Monday, November 12, 2007

Reasonable Arguments With Unreasonable People

By Cernig

Earlier today, I looked at the emotional intensity of the wingnuts as they utterly miss the point about an op-ed by anti-nuclear weapons activist Tad Daley. Dave Schuler at the Glittering Eye noticed the same thing.

Dave's post, though - he believes Iran does have a weapons program but that carpet-bombing Iran is lunacy - has led to a discussion between us in his comments. Dave's a hawkish Dem, I believe, and a very reasonable one in both style and substance. There's some technical to-and-fro on assertions both for and against the claim that Iran has a nuclear weapons program - and there's a broad agreement that, as Dave puts it:
the U. S. shouldn’t go to war with Iran and folks in the U. S. (including the present administration) should do less hyperventilating about Iran.
However, we disagree on exactly what Iran's nuclear intentions are as well as how the pro-war lobby should be rebutted. The key exchange so far, for me is this:
Dave: I think you’d have a stronger case if you’d stop implicitly defending the Iranian regime. It’s enough to say “we don’t know for sure”.

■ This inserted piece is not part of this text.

(* Consider the SDP pair and one-step ADMM of the context (with $\mathcal A$ surjective and nonempty KKT set). For every $k\in\mathbb N$, $$\|Z^{(k+1)}-Z^{(k)}\|_F^2=\|\mathcal P(X^{(k)}-\widetilde X)\|_F^2+\sigma^2\|\mathcal P^\perp(S^{(k)}-C)\|_F^2,$$ where $\widetilde X\in\mathbb S^n$ is an arbitrary matrix with $\mathcal A\widetilde X=b$, and $$\|Z^{(k+1)}-Z^{(k)}\|_F^2\le\operatorname{dist}^2(Z^{(k)},\mathcal Z_\star)-\operatorname{dist}^2(Z^{(k+1)},\mathcal Z_\star).$$
   Context: $\mathbb S^n$: real symmetric matrices, trace inner product, Frobenius norm; $\Pi_{\mathbb S^n_+}$ projection onto the PSD cone; $\operatorname{dist}(Z,\mathcal S)=\inf_{W\in\mathcal S}\|Z-W\|_F$. SDP pair: min $\langle C,X\rangle$ s.t. $\mathcal AX=b$, $X\succeq0$ / max $b^\top y$ s.t. $\mathcal A^*y+S=C$, $S\succeq0$, with $C,A_i\in\mathbb S^n$, $\mathcal AX=(\langle A_i,X\rangle)_i$ surjective, $\mathcal A^*y=\sum y_iA_i$, KKT set nonempty. $\mathcal P=\mathcal A^*(\mathcal A\mathcal A^* )^{-1}\mathcal A$, $\mathcal P^\perp=\mathrm{Id}-\mathcal P$. For $\sigma>0$ and $Z^{(0)}\in\mathbb S^n$: $Z^{(k+1)}=\mathcal P(-2\Pi_{\mathbb S^n_+}(Z^{(k)})+Z^{(k)})+\Pi_{\mathbb S^n_+}(Z^{(k)})+\mathcal A^*(\mathcal A\mathcal A^* )^{-1}b+\sigma\mathcal PC-\sigma C$, $X^{(k)}=\Pi_{\mathbb S^n_+}(Z^{(k)})$, $S^{(k)}=\sigma^{-1}\Pi_{\mathbb S^n_+}(-Z^{(k)})$. $\mathcal Z_\star$ is the set of fixed points of this iteration map. *)

theory Defs
  imports "HOL-Analysis.Analysis"
begin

Me: I’ve written on my own blog about how unhappy it makes me to be a reluctant apologist for an odious regime. It’s just that it isn’t enough to say “we dont know for sure” when so many in the Bush administration and their bleachers are yelling ‘we know for sure!” and using that false certainty to attempt to catapult a war.

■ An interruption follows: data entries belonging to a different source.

lemma gronwall_vanishing:
  fixes f f' :: "real \<Rightarrow> real"
  assumes "a \<le> b"
    and deriv: "\<And>t. t \<in> {a..b} \<Longrightarrow> (f has_real_derivative f' t) (at t)"
    and bound: "\<And>t. t \<in> {a..b} \<Longrightarrow> \<bar>f' t\<bar> \<le> M * f t"
    and nonneg: "\<And>t. t \<in> {a..b} \<Longrightarrow> 0 \<le> f t"
  shows "f a = 0 \<longleftrightarrow> f b = 0"
proof
  assume "f a = 0"
  have "f b * exp (- M * b) \<le> f a * exp (- M * a)"
  proof (rule DERIV_nonpos_imp_nonincreasing[OF \<open>a \<le> b\<close>, of "\<lambda>t. f t * exp (- M * t)"])
    fix t assume "a \<le> t" "t \<le> b"
    then have "((\<lambda>t. f t * exp (- M * t)) has_real_derivative (f' t - M * f t) * exp (- M * t)) (at t)"
      by (auto intro!: derivative_eq_intros deriv simp: algebra_simps)
    moreover have "(f' t - M * f t) * exp (- M * t) \<le> 0"
      using bound[of t] \<open>a \<le> t\<close> \<open>t \<le> b\<close> by (simp add: mult_nonpos_nonneg)
    ultimately show "\<exists>y. ((\<lambda>t. f t * exp (- M * t)) has_real_derivative y) (at t) \<and> y \<le> 0"
      by blast
  qed
  with \<open>f a = 0\<close> nonneg[of b] \<open>a \<le> b\<close> show "f b = 0"
    by (simp add: mult_le_0_iff)
next
  assume "f b = 0"
  have "f a * exp (M * a) \<le> f b * exp (M * b)"
  proof (rule DERIV_nonneg_imp_nondecreasing[OF \<open>a \<le> b\<close>, of "\<lambda>t. f t * exp (M * t)"])
    fix t assume "a \<le> t" "t \<le> b"
    then have "((\<lambda>t. f t * exp (M * t)) has_real_derivative (f' t + M * f t) * exp (M * t)) (at t)"
      by (auto intro!: derivative_eq_intros deriv simp: algebra_simps)
    moreover have "0 \<le> (f' t + M * f t) * exp (M * t)"
      using bound[of t] \<open>a \<le> t\<close> \<open>t \<le> b\<close> by simp
    ultimately show "\<exists>y. ((\<lambda>t. f t * exp (M * t)) has_real_derivative y) (at t) \<and> 0 \<le> y"
      by blast
  qed
  with \<open>f b = 0\<close> nonneg[of a] \<open>a \<le> b\<close> show "f a = 0"
    by (simp add: mult_le_0_iff)
qed

lemma linear_ode_vanishing:
  fixes v :: "real \<Rightarrow> real^'n" and A :: "real \<Rightarrow> real^'n^'n"
  assumes "is_interval I" and "t0 \<in> I" and "t \<in> I"
    and deriv: "\<And>s. s \<in> I \<Longrightarrow> (v has_vector_derivative A s *v v s) (at s)"
    and cont: "continuous_on I A"
    and "v t0 = 0"
  shows "v t = 0"
proof -
  define a b where "a = min t0 t" and "b = max t0 t"
  have "a \<le> b"
    by (simp add: a_def b_def)
  have ab: "{a..b} \<subseteq> I"
    using \<open>is_interval I\<close> \<open>t0 \<in> I\<close> \<open>t \<in> I\<close> unfolding is_interval_1 a_def b_def
    by (metis atLeastAtMost_iff max_def min_def subsetI)
  define K where "K s = (\<Sum>i\<in>UNIV. \<Sum>j\<in>UNIV. \<bar>A s $ i $ j\<bar>)" for s
  have "continuous_on {a..b} K"
    unfolding K_def using continuous_on_subset[OF cont ab] by (intro continuous_intros)
  then obtain M where M: "\<forall>s\<in>{a..b}. K s \<le> M"
    using continuous_attains_sup[of "{a..b}" K] \<open>a \<le> b\<close> by auto
  have norm_A: "norm (A s *v w) \<le> K s * norm w" for s w
    using onorm[OF matrix_vector_mul_bounded_linear, of "A s" w]
      onorm_le_matrix_component_sum[of "A s"]
    by (simp add: K_def) (meson mult_right_mono norm_ge_zero order_trans)
  have energy_deriv: "((\<lambda>s. v s \<bullet> v s) has_real_derivative 2 * (v s \<bullet> (A s *v v s))) (at s)"
    if "s \<in> I" for s
  proof -
    have "((\<lambda>s. v s \<bullet> v s) has_derivative
           (\<lambda>h. v s \<bullet> (h *\<^sub>R (A s *v v s)) + (h *\<^sub>R (A s *v v s)) \<bullet> v s)) (at s)"
      using deriv[OF that] unfolding has_vector_derivative_def by (intro has_derivative_inner)
    then show ?thesis
      unfolding has_field_derivative_def
      by (rule has_derivative_eq_rhs) (simp add: fun_eq_iff inner_commute algebra_simps)
  qed
  have energy_bound: "\<bar>2 * (v s \<bullet> (A s *v v s))\<bar> \<le> (2 * M) * (v s \<bullet> v s)"
    if "s \<in> {a..b}" for s
  proof -
    have "\<bar>v s \<bullet> (A s *v v s)\<bar> \<le> norm (v s) * norm (A s *v v s)"
      by (rule Cauchy_Schwarz_ineq2)
    also have "\<dots> \<le> norm (v s) * (M * norm (v s))"
      using norm_A[of s "v s"] M that
      by (meson mult_left_mono mult_right_mono norm_ge_zero order_trans)
    finally show ?thesis
      by (simp add: power2_norm_eq_inner[symmetric] power2_eq_square mult_ac)
  qed
  have "v a \<bullet> v a = 0 \<longleftrightarrow> v b \<bullet> v b = 0"
    using ab by (intro gronwall_vanishing[OF \<open>a \<le> b\<close> energy_deriv energy_bound]) auto
  moreover have "t0 = a \<or> t0 = b" "t = a \<or> t = b"
    by (auto simp: a_def b_def)
  ultimately show ?thesis
    using \<open>v t0 = 0\<close> by auto
qed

You have to say ‘no-one knows for sure, the preponderance of available evidence says they don’t have a weapons program, saying the opposite is a lie, put the f***ing guns down!” Anything else is seen by the pro-war lobby as a weakness they can trample over, and they have the biggest bully pulpit.

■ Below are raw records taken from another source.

(* Let $r, a \in \mathbb{N}$ and $b, d \in \mathbb{Z}$ with $a \mid \mathrm{lcm}(b,d)$. Then for any completely multiplicative functions $f_1,\ldots,f_r:\mathbb{N}\to\mathbb{S}^1$, $$\liminf_{n\to\infty} \max_{1\le j\le r} |f_j(an+b)-f_j(an+d)| = 0.$$
   Context: $\mathbb{N}=\{1,2,\dots\}$, $\mathbb{S}^1$ the unit circle in $\mathbb{C}$; completely multiplicative means $f(mn)=f(m)f(n)$ for all $m,n\in\mathbb{N}$. Convention: $\mathrm{lcm}(b,0)=0$. *)

theory Defs
  imports "HOL-Analysis.Analysis"
begin

text \<open>A function on the positive integers, completely multiplicative, with values on the
unit circle. Values at 0 are irrelevant and unconstrained.\<close>
definition compl_mult_unimod :: "(nat \<Rightarrow> complex) \<Rightarrow> bool" where
  "compl_mult_unimod f \<longleftrightarrow>
     (\<forall>m n. m \<ge> 1 \<longrightarrow> n \<ge> 1 \<longrightarrow> f (m * n) = f m * f n) \<and>
     (\<forall>n. n \<ge> 1 \<longrightarrow> cmod (f n) = 1)"

end

theory Submission
  imports Defs "HOL-Computational_Algebra.Primes"
begin

text \<open>Put \<open>h = b - d > 0\<close> (the case \<open>b = d\<close> is trivial and \<open>b < d\<close> is symmetric).
If \<open>z = y + e\<close>, \<open>P e = (y + h) z\<close> and \<open>Q e = y (z + h)\<close>, then \<open>P - Q = h\<close>, and complete
multiplicativity gives \<open>|f P - f Q| = |R y - R z|\<close> with \<open>R t = f (t + h) \<cdot> conj (f t)\<close>.
By pigeonhole on the unit disc, two of finitely many shifts \<open>c + w\<close>, \<open>w \<in> W\<close>, have all \<open>R\<^sub>j\<close>
close. The set \<open>W\<close> is built so that \<open>a (w' - w)\<close> divides \<open>w\<close> for \<open>w < w'\<close>, and \<open>c\<close> is chosen
by the Chinese remainder theorem so that \<open>P\<close> and \<open>Q\<close> are integers with \<open>P \<equiv> b\<close> and
\<open>Q \<equiv> d (mod a)\<close>; the hypothesis \<open>a | lcm b d\<close> enters through a coprime factorisation
\<open>a = a\<^sub>1 a\<^sub>2\<close> with \<open>a\<^sub>1 | d\<close> and \<open>a\<^sub>2 | b\<close>.\<close>

lemma exists_set_diff_dvd:
  fixes A :: int
  assumes "A > 0"
  shows "\<exists>W::int set. finite W \<and> card W = K \<and> (\<forall>w\<in>W. w > 0) \<and>
           (\<forall>w\<in>W. \<forall>w'\<in>W. w < w' \<longrightarrow> A * (w' - w) dvd w)"
proof (induction K)
  case 0
  show ?case by (intro exI[of _ "{}"]) auto
next
  case (Suc K)
  then obtain W where W: "finite W" "card W = K" "\<forall>w\<in>W. w > 0"
    "\<forall>w\<in>W. \<forall>w'\<in>W. w < w' \<longrightarrow> A * (w' - w) dvd w" by blast
  \<comment> \<open>Translate \<open>W\<close> by \<open>L\<close> and adjoin \<open>L\<close>: differences inside \<open>W\<close> are unchanged,
     and every new difference divides \<open>\<Prod>W\<close>.\<close>
  define L where "L = A * \<Prod>W"
  have dvd_prod: "s dvd \<Prod>W" if "s \<in> W" for s
    using W(1) that by (rule dvd_prodI)
  have "L > 0" unfolding L_def using assms W(3) by (simp add: prod_pos)
  define W' where "W' = insert L ((+) L ` W)"
  have "L \<notin> (+) L ` W" using W(3) by auto
  then have "card W' = Suc K" unfolding W'_def using W(1,2) by (simp add: card_image)
  moreover have "finite W'" unfolding W'_def using W(1) by simp
  moreover have "\<forall>w\<in>W'. w > 0" unfolding W'_def using \<open>L > 0\<close> W(3) by auto
  moreover have "A * (w' - w) dvd w" if ww: "w \<in> W'" "w' \<in> W'" "w < w'" for w w'
  proof (cases "w = L")
    case True
    then obtain s where s: "s \<in> W" "w' = L + s" using ww W(3) unfolding W'_def by auto
    have "A * s dvd L" unfolding L_def using dvd_prod[OF s(1)] by simp
    then show ?thesis using True s by simp
  next
    case False
    then obtain s s' where s: "s \<in> W" "w = L + s" "s' \<in> W" "w' = L + s'"
      using ww W(3) unfolding W'_def by auto
    then have diff: "A * (s' - s) dvd s" using W(4) ww by auto
    then have "s' - s dvd \<Prod>W" using dvd_prod[OF s(1)] dvd_mult_right dvd_trans by blast
    then have "A * (s' - s) dvd L" unfolding L_def by simp
    then show ?thesis using diff s by simp
  qed
  ultimately show ?case by blast
qed

lemma int_split_coprime_part:
  fixes G m :: int
  assumes "G > 0"
  obtains X Y k where "G = X * Y" "X > 0" "Y > 0" "coprime Y m" "X dvd m ^ k"
  using assms
proof (induction "nat G" arbitrary: G thesis rule: less_induct)
  case less
  show ?case
  proof (cases "coprime G m")
    case True
    then show ?thesis using less.prems by (intro less.prems(1)[of 1 G 0]) auto
  next
    case False
    define g where "g = gcd G m"
    have "g > 0" unfolding g_def using less.prems(2) by simp
    moreover have "g \<noteq> 1" unfolding g_def using False by (simp add: coprime_iff_gcd_eq_1)
    ultimately have "g > 1" by simp
    obtain G' where G': "G = g * G'" unfolding g_def by (meson gcd_dvd1 dvdE)
    have "G' > 0" using G' \<open>g > 1\<close> less.prems(2) by (simp add: zero_less_mult_iff)
    moreover have "G' < G" using G' \<open>g > 1\<close> \<open>G' > 0\<close> by simp
    ultimately obtain X Y k where XY: "G' = X * Y" "X > 0" "Y > 0" "coprime Y m" "X dvd m ^ k"
      using less.hyps[of G'] by auto
    have "g * X dvd m * m ^ k" using XY(5) unfolding g_def by (intro mult_dvd_mono) auto
    then show ?thesis using less.prems(1)[of "g * X" Y "Suc k"] G' XY \<open>g > 1\<close> by simp
  qed
qed

lemma multiplicity_le_if_dvd_lcm:
  fixes a b d p :: int
  assumes "a dvd lcm b d" "b \<noteq> 0" "d \<noteq> 0" "prime p"
    and "multiplicity p d < multiplicity p a"
  shows "multiplicity p a \<le> multiplicity p b"
proof -
  have "multiplicity p a \<le> multiplicity p (lcm b d)"
    using assms(1-3) by (intro dvd_imp_multiplicity_le) auto
  also have "\<dots> = max (multiplicity p b) (multiplicity p d)"
    using assms(2-4) by (rule multiplicity_lcm)
  finally show ?thesis using assms(5) by linarith
qed

lemma dvd_lcm_imp_coprime_factors:
  fixes a b d :: int
  assumes "a > 0" "a dvd lcm b d"
  obtains a1 a2 where "a = a1 * a2" "a1 > 0" "a2 > 0" "coprime a1 a2" "a1 dvd d" "a2 dvd b"
proof (cases "b = 0 \<or> d = 0")
  case True
  then show ?thesis using assms(1) that[of a 1] that[of 1 a] by auto
next
  case False
  define g where "g = gcd a d"
  obtain e where ae: "a = g * e" unfolding g_def by (meson gcd_dvd1 dvdE)
  have "g > 0" unfolding g_def using assms(1) by simp
  then have "e > 0" using assms(1) ae by (simp add: zero_less_mult_iff)
  \<comment> \<open>\<open>Y\<close> collects the primes with \<open>v\<^sub>p(a) \<le> v\<^sub>p(d)\<close>, \<open>X\<close> those with \<open>v\<^sub>p(a) > v\<^sub>p(d)\<close>.\<close>
  obtain X Y k where XY: "a = X * Y" "X > 0" "Y > 0" "coprime Y e" "X dvd e ^ k"
    using int_split_coprime_part[OF assms(1)] by blast
  have "coprime Y X"
    using XY(4,5) coprime_divisors[of Y Y X "e ^ k"] by simp
  have "Y dvd g * e" using XY(1) ae by (metis dvd_triv_right)
  then have "Y dvd g" using XY(4) by (simp add: coprime_dvd_mult_left_iff)
  then have "Y dvd d" unfolding g_def by (meson dvd_trans gcd_dvd2)
  have "X dvd b"
  proof (rule multiplicity_le_imp_dvd)
    fix p :: int assume p: "prime p"
    show "multiplicity p X \<le> multiplicity p b"
    proof (cases "p dvd X")
      case True
      then have "p dvd e" using XY(5) p dvd_trans prime_dvd_power by blast
      then have "multiplicity p e > 0"
        using prime_multiplicity_gt_zero_iff[OF prime_imp_prime_elem[OF p], of e] \<open>e > 0\<close>
        by blast
      moreover have "multiplicity p a = multiplicity p g + multiplicity p e"
        using ae \<open>g > 0\<close> \<open>e > 0\<close>
          prime_elem_multiplicity_mult_distrib[OF prime_imp_prime_elem[OF p], of g e] by simp
      moreover have "multiplicity p g = min (multiplicity p a) (multiplicity p d)"
        unfolding g_def using False assms(1) p by (simp add: multiplicity_gcd)
      ultimately have "multiplicity p d < multiplicity p a" by linarith
      then have "multiplicity p a \<le> multiplicity p b"
        using multiplicity_le_if_dvd_lcm assms(2) False p by blast
      moreover have "multiplicity p X \<le> multiplicity p a"
        using XY(1) assms(1) by (intro dvd_imp_multiplicity_le) auto
      ultimately show ?thesis by linarith
    qed (simp add: not_dvd_imp_multiplicity_0)
  qed (use XY(2) in simp)
  show ?thesis
    using that[of Y X] XY \<open>coprime Y X\<close> \<open>Y dvd d\<close> \<open>X dvd b\<close> by (simp add: mult.commute)
qed

lemma floor_eq_imp_abs_diff_less:
  fixes x y M :: real
  assumes "M > 0" "\<lfloor>M * x\<rfloor> = \<lfloor>M * y\<rfloor>"
  shows "\<bar>x - y\<bar> < 1 / M"
proof -
  have "\<bar>M * x - M * y\<bar> < 1"
    using assms(2) floor_correct[of "M * x"] floor_correct[of "M * y"] by linarith
  then have "M * \<bar>x - y\<bar> < 1" using assms(1) by (simp add: abs_mult flip: right_diff_distrib)
  then show ?thesis using assms(1) by (simp add: field_simps)
qed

I’m not prepared to see thousands die because arguments with sociopaths-in-power should be one-sidedly fair and decorous.
I'm actually quite saddened to have written that, even though I stand by it. Back in my youth, when I studied philosophy, I truly believed that reasonable and fair intellectual debate divorced from emotion was always the best way to put forward your position. Now that there are lives on the line, now that the folk I'm arguing against happen to include those in charge of the White House and don't exactly have a record of treating fair and reasoned intellectual debate as anything other than something to smother under political spin, fear and xenophobic hatred, I don't. Welcome to the real world, I suppose.